Results and discussion

Physicochemical characteristics of water samples

The major ion concentrations and significant physicochemical parameters of all water samples (main river, streams, and springs) are presented in Table 1. The measured temperature values in the water samples were between 18 and 25.2 °C. The lowest T values were in the spring waters. The redox potentials of the water samples indicate an oxidizing environment with Eh values ranging from + 160 to + 222 mV. The calculated total dissolved solids (TDS) concentration in the water samples was in the range of 178–575 ppm, and the water samples had higher TDS values than the median TDS value of 120 mg/L noted for surface water (Langmuir 1997). However, the most of values are below the permissible limit (500 mg/L) set by the USEPA. This shows that the waters of the study area are fresh. As shown in Table 1, the water samples had pH values varying between 7.60 and 8.35. The USEPA (2018) and WHO (2008, 2011) standards stated that the pH of drinking water should be in the pH range of 6.5–8.5. The pH values of all water samples, including spring water, fell within the recommended range determined by the USEPA and WHO (Table 1). The concentration of Si in the waters was generally low. Its minimum and maximum values were 6.64 mg/L and 14.52 ppm, respectively. The amount of aluminum (Al) varied, ranging from 12 to 69 ppb.

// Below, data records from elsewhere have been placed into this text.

lemma orb_subset:
  assumes "f ` D \<subseteq> D" "x \<in> D"
  shows "orb f x \<subseteq> D"
proof -
  have "(f ^^ n) x \<in> D" for n
    using assms by (induction n) auto
  then show ?thesis
    unfolding orb_def by blast
qed

lemma orb_fixpoint:
  assumes "f x = x"
  shows "orb f x = {x}"
proof -
  have "(f ^^ n) x = x" for n
    by (induction n) (auto simp: assms)
  then show ?thesis
    unfolding orb_def by auto
qed

lemma orb_involution:
  assumes "f (f x) = x"
  shows "orb f x = {x, f x}"
proof -
  have "orb f x \<subseteq> {x, f x}"
    using assms by (intro orb_subset) auto
  moreover have "f x \<in> orb f x"
    using funpow_in_orb[where n = 1] by simp
  ultimately show ?thesis
    by auto
qed

lemma funpow_perm_restrict:
  assumes "f ` D \<subseteq> D" "x \<in> D"
  shows "(perm_restrict f D ^^ n) x = (f ^^ n) x"
proof (induction n)
  case (Suc n)
  have "(f ^^ n) x \<in> D"
    using orb_subset[OF assms] funpow_in_orb[where f = f and n = n and x = x] by blast
  then show ?case
    using Suc by (simp add: perm_restrict_simps)
qed simp

lemma orb_eq_orbit_perm_restrict:
  assumes "bij_betw f D D" "finite D" "x \<in> D"
  shows "permutation (perm_restrict f D)" and "orb f x = orbit (perm_restrict f D) x"
proof -
  have "perm_restrict f D permutes D"
    using assms(1) by (intro bij_imp_permutes) (auto simp: perm_restrict_def cong: bij_betw_cong)
  then show perm: "permutation (perm_restrict f D)"
    using assms(2) permutation_permutes by blast
  show "orb f x = orbit (perm_restrict f D) x"
    using assms funpow_perm_restrict[of f D x]
    unfolding orbit_altdef_permutation[OF perm] orb_def by (auto simp: bij_betw_def)
qed

lemma orb_eq:
  assumes "bij_betw f D D" "finite D" "x \<in> D" "y \<in> orb f x"
  shows "orb f y = orb f x"
proof -
  have "y \<in> D"
    using assms orb_subset[of f D x] by (auto simp: bij_betw_def)
  note g = orb_eq_orbit_perm_restrict[OF assms(1,2)]
  have "orbit (perm_restrict f D) y = orbit (perm_restrict f D) x"
    using orbit_cyclic_eq3[OF cyclic_on_orbit'[OF g(1)[OF assms(3)]]] assms(4) g(2)[OF assms(3)]
    by simp
  then show ?thesis
    using g(2) assms(3) \<open>y \<in> D\<close> by simp
qed

lemma orb_disjoint:
  assumes "bij_betw f D D" "finite D" "x \<in> D" "y \<in> D" "orb f x \<noteq> orb f y"
  shows "orb f x \<inter> orb f y = {}"
  using assms orb_eq[OF assms(1,2,3)] orb_eq[OF assms(1,2,4)] by blast

lemma card_orb_eq_period:
  assumes "bij_betw f D D" "finite D" "x \<in> D"
  shows "(f ^^ card (orb f x)) x = x"
    and "orb f x = (\<lambda>k. (f ^^ k) x) ` {..<card (orb f x)}"
proof -
  let ?g = "perm_restrict f D"
  note g = orb_eq_orbit_perm_restrict[OF assms]
  have x_in: "x \<in> orbit ?g x"
    using permutation_self_in_orbit[OF g(1)] .
  define n where "n = funpow_dist1 ?g x x"
  have g_f: "(?g ^^ k) x = (f ^^ k) x" for k
    using assms funpow_perm_restrict[of f D x] by (auto simp: bij_betw_def)
  have orb: "orb f x = (\<lambda>k. (f ^^ k) x) ` {..<n}"
    using g(2) orbit_conv_funpow_dist1[OF x_in] unfolding n_def atLeast0LessThan g_f by simp
  have "inj_on (\<lambda>k. (f ^^ k) x) {..<n}"
    using inj_on_funpow_dist1[OF x_in] unfolding n_def atLeast0LessThan g_f by simp
  then have card: "card (orb f x) = n"
    using orb by (simp add: card_image)
  show "(f ^^ card (orb f x)) x = x"
    using funpow_dist1_prop[OF x_in] g_f[of n] unfolding card n_def by simp
  show "orb f x = (\<lambda>k. (f ^^ k) x) ` {..<card (orb f x)}"
    using orb card by simp
qed

lemma card_Union_orbs:
  assumes "bij_betw f D D" "finite D" "S \<subseteq> orb f ` D"
  shows "card (\<Union>S) = (\<Sum>C\<in>S. card C)"
proof (rule card_Union_disjoint)
  show "pairwise disjnt S"
  proof (rule pairwiseI)
    fix A B
    assume "A \<in> S" "B \<in> S" "A \<noteq> B"
    then obtain x y where "x \<in> D" "y \<in> D" "A = orb f x" "B = orb f y"
      using assms(3) by blast
    then show "disjnt A B"
      using orb_disjoint[OF assms(1,2)] \<open>A \<noteq> B\<close> unfolding disjnt_def by blast
  qed
  show "finite C" if C: "C \<in> S" for C
  proof -
    obtain x where "x \<in> D" "C = orb f x"
      using C assms(3) by blast
    then show ?thesis
      using assms(1,2) orb_subset[of f D x] finite_subset by (auto simp: bij_betw_def)
  qed
qed

lemma sum_card_orbs:
  assumes "bij_betw f D D" "finite D"
  shows "(\<Sum>C\<in>orb f ` D. card C) = card D"
proof -
  have "f ` D \<subseteq> D"
    using assms(1) by (simp add: bij_betw_def)
  then have "\<Union>(orb f ` D) = D"
    using orb_subset[of f D] self_in_orb[of _ f] by (intro equalityI UN_least) auto
  then show ?thesis
    using card_Union_orbs[OF assms subset_refl] by simp
qed

section \<open>Faces of a combinatorial map\<close>

lemma combinatorial_map_face_bij:
  assumes "combinatorial_map D \<alpha> \<sigma>"
  shows "bij_betw (\<sigma> \<circ> \<alpha>) D D"
  using assms unfolding combinatorial_map_def by (auto intro: bij_betw_trans)

lemma face_of_subset:
  assumes "combinatorial_map D \<alpha> \<sigma>" "d \<in> D"
  shows "face_of \<alpha> \<sigma> d \<subseteq> D"
  unfolding face_of_def
  using orb_subset[of "\<sigma> \<circ> \<alpha>" D d] combinatorial_map_face_bij[OF assms(1)] assms(2)
  by (simp add: bij_betw_def)

lemma face_of_eq:
  assumes "combinatorial_map D \<alpha> \<sigma>" "d \<in> D" "e \<in> face_of \<alpha> \<sigma> d"
  shows "face_of \<alpha> \<sigma> e = face_of \<alpha> \<sigma> d"
  using assms orb_eq[OF combinatorial_map_face_bij[OF assms(1)]]
  unfolding face_of_def combinatorial_map_def by blast

lemma faces_eq_face_of:
  assumes "combinatorial_map D \<alpha> \<sigma>" "F \<in> faces D \<alpha> \<sigma>" "d \<in> F"
  shows "F = face_of \<alpha> \<sigma> d"
proof -
  obtain e where "e \<in> D" "F = face_of \<alpha> \<sigma> e"
    using assms(2) unfolding faces_def by blast
  then show ?thesis
    using face_of_eq[OF assms(1)] assms(3) by metis
qed

lemma faces_subset:
  assumes "combinatorial_map D \<alpha> \<sigma>" "F \<in> faces D \<alpha> \<sigma>"
  shows "F \<subseteq> D"
  using assms(2) face_of_subset[OF assms(1)] unfolding faces_def by blast

lemma faces_disjoint:
  assumes "combinatorial_map D \<alpha> \<sigma>" "F \<in> faces D \<alpha> \<sigma>" "G \<in> faces D \<alpha> \<sigma>" "F \<noteq> G"
  shows "F \<inter> G = {}"
  using faces_eq_face_of[OF assms(1)] assms(2-4) by blast

lemma card_Union_faces:
  assumes "combinatorial_map D \<alpha> \<sigma>" "S \<subseteq> faces D \<alpha> \<sigma>"
  shows "card (\<Union>S) = (\<Sum>F\<in>S. card F)"
  using assms card_Union_orbs[OF combinatorial_map_face_bij[OF assms(1)]]
  unfolding faces_def face_of_def combinatorial_map_def by blast

lemma sum_card_faces:
  assumes "combinatorial_map D \<alpha> \<sigma>"
  shows "(\<Sum>F\<in>faces D \<alpha> \<sigma>. card F) = card D"
  using assms sum_card_orbs[OF combinatorial_map_face_bij[OF assms]]
  unfolding faces_def face_of_def combinatorial_map_def by simp

lemma card_darts_eq_twice_edges:
  assumes "combinatorial_map D \<alpha> \<sigma>"
  shows "card D = 2 * card (edges D \<alpha>)"
proof -
  have "card e = 2" if "e \<in> edges D \<alpha>" for e
    using that assms orb_involution[of \<alpha>] unfolding edges_def combinatorial_map_def by auto
  then show ?thesis
    using assms sum_card_orbs[of \<alpha> D] unfolding edges_def combinatorial_map_def by simp
qed

lemma triangle_not_self_adjacent:
  assumes cm: "combinatorial_map D \<alpha> \<sigma>" and no_fix: "\<forall>d\<in>D. \<sigma> d \<noteq> d"
    and y: "y \<in> D" and tri: "card (face_of \<alpha> \<sigma> y) = 3"
  shows "\<alpha> y \<notin> face_of \<alpha> \<sigma> y"
proof
  let ?\<phi> = "\<sigma> \<circ> \<alpha>"
  note period = card_orb_eq_period[OF combinatorial_map_face_bij[OF cm] _ y]
  have fin: "finite D"
    using cm unfolding combinatorial_map_def by blast
  have "{..<3::nat} = {0, 1, 2}"
    by auto
  then have face: "face_of \<alpha> \<sigma> y = {y, ?\<phi> y, ?\<phi> (?\<phi> y)}"
    using period(2)[OF fin] tri unfolding face_of_def by (simp add: numeral_2_eq_2)
  have cycle: "?\<phi> (?\<phi> (?\<phi> y)) = y"
    using period(1)[OF fin] tri unfolding face_of_def by (simp add: numeral_3_eq_3)
  have "\<alpha> y \<in> D" "\<alpha> (\<alpha> y) = y" "\<alpha> y \<noteq> y"
    using cm y unfolding combinatorial_map_def bij_betw_def by auto
  moreover assume "\<alpha> y \<in> face_of \<alpha> \<sigma> y"
  ultimately show False
    using face cycle no_fix y by auto
qed

section \<open>Euler's formula for loop-tangle maps\<close>

lemma loop_tangle_map_combinatorial_map:
  "loop_tangle_map D \<alpha> \<sigma> Ext \<Longrightarrow> combinatorial_map D \<alpha> \<sigma>"
  unfolding loop_tangle_map_def planar_map_def by blast

lemma loop_tangle_map_Ext_subset:
  "loop_tangle_map D \<alpha> \<sigma> Ext \<Longrightarrow> Ext \<subseteq> D"
  using faces_subset loop_tangle_map_combinatorial_map unfolding loop_tangle_map_def by blast

lemma loop_tangle_map_vertex_meets_Ext:
  assumes lt: "loop_tangle_map D \<alpha> \<sigma> Ext" and d: "d \<in> D"
  shows "orb \<sigma> d \<inter> Ext \<noteq> {} \<longleftrightarrow> orb \<sigma> d \<in> orb \<sigma> ` Ext"
proof
  assume "orb \<sigma> d \<inter> Ext \<noteq> {}"
  then obtain e where "e \<in> Ext" "e \<in> orb \<sigma> d"
    by blast
  moreover have "bij_betw \<sigma> D D" "finite D"
    using loop_tangle_map_combinatorial_map[OF lt] unfolding combinatorial_map_def by auto
  ultimately have "orb \<sigma> e = orb \<sigma> d"
    using orb_eq[of \<sigma> D d e] d by blast
  then show "orb \<sigma> d \<in> orb \<sigma> ` Ext"
    using \<open>e \<in> Ext\<close> by (metis image_eqI)
next
  assume "orb \<sigma> d \<in> orb \<sigma> ` Ext"
  then show "orb \<sigma> d \<inter> Ext \<noteq> {}"
    using self_in_orb by fastforce
qed

lemma loop_tangle_map_card_vertex:
  assumes lt: "loop_tangle_map D \<alpha> \<sigma> Ext" and d: "d \<in> D"
  shows "card (orb \<sigma> d) \<in> {2, 3, 4}"
proof (cases "on_loop \<sigma> Ext d")
  case True
  then obtain e where "e \<in> Ext" "orb \<sigma> d = orb \<sigma> e"
    using loop_tangle_map_vertex_meets_Ext[OF lt d] unfolding on_loop_def by blast
  then show ?thesis
    using lt unfolding loop_tangle_map_def by auto
next
  case False
  then show ?thesis
    using lt d unfolding loop_tangle_map_def by auto
qed

lemma loop_tangle_map_no_fixpoint:
  assumes "loop_tangle_map D \<alpha> \<sigma> Ext" "d \<in> D"
  shows "\<sigma> d \<noteq> d"
  using loop_tangle_map_card_vertex[OF assms] orb_fixpoint[of \<sigma> d] by auto

lemma loop_tangle_map_loop_degree_sum:
  assumes lt: "loop_tangle_map D \<alpha> \<sigma> Ext"
  shows "(\<Sum>v\<in>orb \<sigma> ` Ext. card v) + 1 = 3 * card Ext"
proof -
  define L where "L = orb \<sigma> ` Ext"
  have inj: "inj_on (orb \<sigma>) Ext"
    and deg_loop: "\<And>d. d \<in> Ext \<Longrightarrow> card (orb \<sigma> d) \<in> {2, 3}"
    and one_deg2: "card {v \<in> verts D \<sigma>. v \<inter> Ext \<noteq> {} \<and> card v = 2} = 1"
    using lt unfolding loop_tangle_map_def by blast+
  have "finite Ext"
    using loop_tangle_map_Ext_subset[OF lt] loop_tangle_map_combinatorial_map[OF lt] finite_subset
    unfolding combinatorial_map_def by blast
  then have "finite L"
    unfolding L_def by simp
  have "{v \<in> verts D \<sigma>. v \<inter> Ext \<noteq> {} \<and> card v = 2} = {v \<in> L. card v = 2}"
    using loop_tangle_map_vertex_meets_Ext[OF lt] loop_tangle_map_Ext_subset[OF lt]
    unfolding verts_def L_def by blast
  then have "card {v \<in> L. card v = 2} = 1"
    using one_deg2 by simp
  moreover have "(\<Sum>v\<in>L. card v + (if card v = 2 then 1 else 0)) = (\<Sum>v\<in>L. 3)"
    using deg_loop unfolding L_def by (intro sum.cong) auto
  moreover have "(\<Sum>v\<in>L. if card v = 2 then 1 else 0) = card {v \<in> L. card v = 2}"
    using \<open>finite L\<close> by (simp add: sum.If_cases Int_def)
  moreover have "card L = card Ext"
    using card_image[OF inj] unfolding L_def .
  ultimately show ?thesis
    unfolding L_def by (simp add: sum.distrib)
qed

lemma loop_tangle_map_degree_sum:
  assumes lt: "loop_tangle_map D \<alpha> \<sigma> Ext"
  shows "4 * card (verts D \<sigma>) = card D + card Ext + 1"
proof -
  define V where "V = verts D \<sigma>"
  define L where "L = orb \<sigma> ` Ext"
  have bij: "bij_betw \<sigma> D D" and fin: "finite D"
    using loop_tangle_map_combinatorial_map[OF lt] unfolding combinatorial_map_def by auto
  have inj: "inj_on (orb \<sigma>) Ext"
    and deg_inner: "\<And>d. d \<in> D \<Longrightarrow> \<not> on_loop \<sigma> Ext d \<Longrightarrow> card (orb \<sigma> d) = 4"
    using lt unfolding loop_tangle_map_def by blast+
  have LV: "L \<subseteq> V"
    using loop_tangle_map_Ext_subset[OF lt] unfolding L_def V_def verts_def by blast
  have finV: "finite V"
    using fin unfolding V_def verts_def by simp
  have interior: "card v = 4" if v: "v \<in> V - L" for v
  proof -
    obtain d where "d \<in> D" "v = orb \<sigma> d"
      using v unfolding V_def verts_def by blast
    moreover from this have "\<not> on_loop \<sigma> Ext d"
      using v loop_tangle_map_vertex_meets_Ext[OF lt] unfolding on_loop_def L_def by blast
    ultimately show ?thesis
      using deg_inner by blast
  qed
  have "card D = (\<Sum>v\<in>V. card v)"
    using sum_card_orbs[OF bij fin] unfolding V_def verts_def by simp
  also have "\<dots> = (\<Sum>v\<in>V - L. card v) + (\<Sum>v\<in>L. card v)"
    using sum.subset_diff[OF LV finV] by simp
  also have "(\<Sum>v\<in>V - L. card v) = 4 * card (V - L)"
    using interior by simp
  finally have "card D + 1 = 4 * card (V - L) + 3 * card Ext"
    using loop_tangle_map_loop_degree_sum[OF lt] unfolding L_def by simp
  moreover have "card V = card (V - L) + card Ext"
    using card_Diff_subset[OF finite_subset[OF LV finV] LV] card_mono[OF finV LV] card_image[OF inj]
    unfolding L_def by simp
  ultimately show ?thesis
    unfolding V_def by simp
qed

Table 1 Some physicochemical properties of the waters in Dereli (Giresun) area

Calcium (Ca2+) and magnesium (Mg2+), which are commonly present in natural waters, were the most abundant cations in the studied waters. The concentration of Ca ranged from 27.8–95.8 ppm. The highest value of 95.8 ppm was recorded at sample number 15 taken from river water. Ca was also a dominant cation in all of the waters. The Mg concentration was in the range of 5.7–40.3 ppm. The concentration of sodium (Na+) in nearly all of the samples was under the health-based value of 20 mg/L proposed by the USEPA for drinking water. The concentration of the potassium ion (K+) in natural fresh waters is generally lower than 10 mg/L (Hydrology Project 1999). The minimum and maximum concentrations of K+ in the studied waters are 0.83 ppm and 5.27 ppm, respectively, and K+ has the lowest concentration compared with other cations.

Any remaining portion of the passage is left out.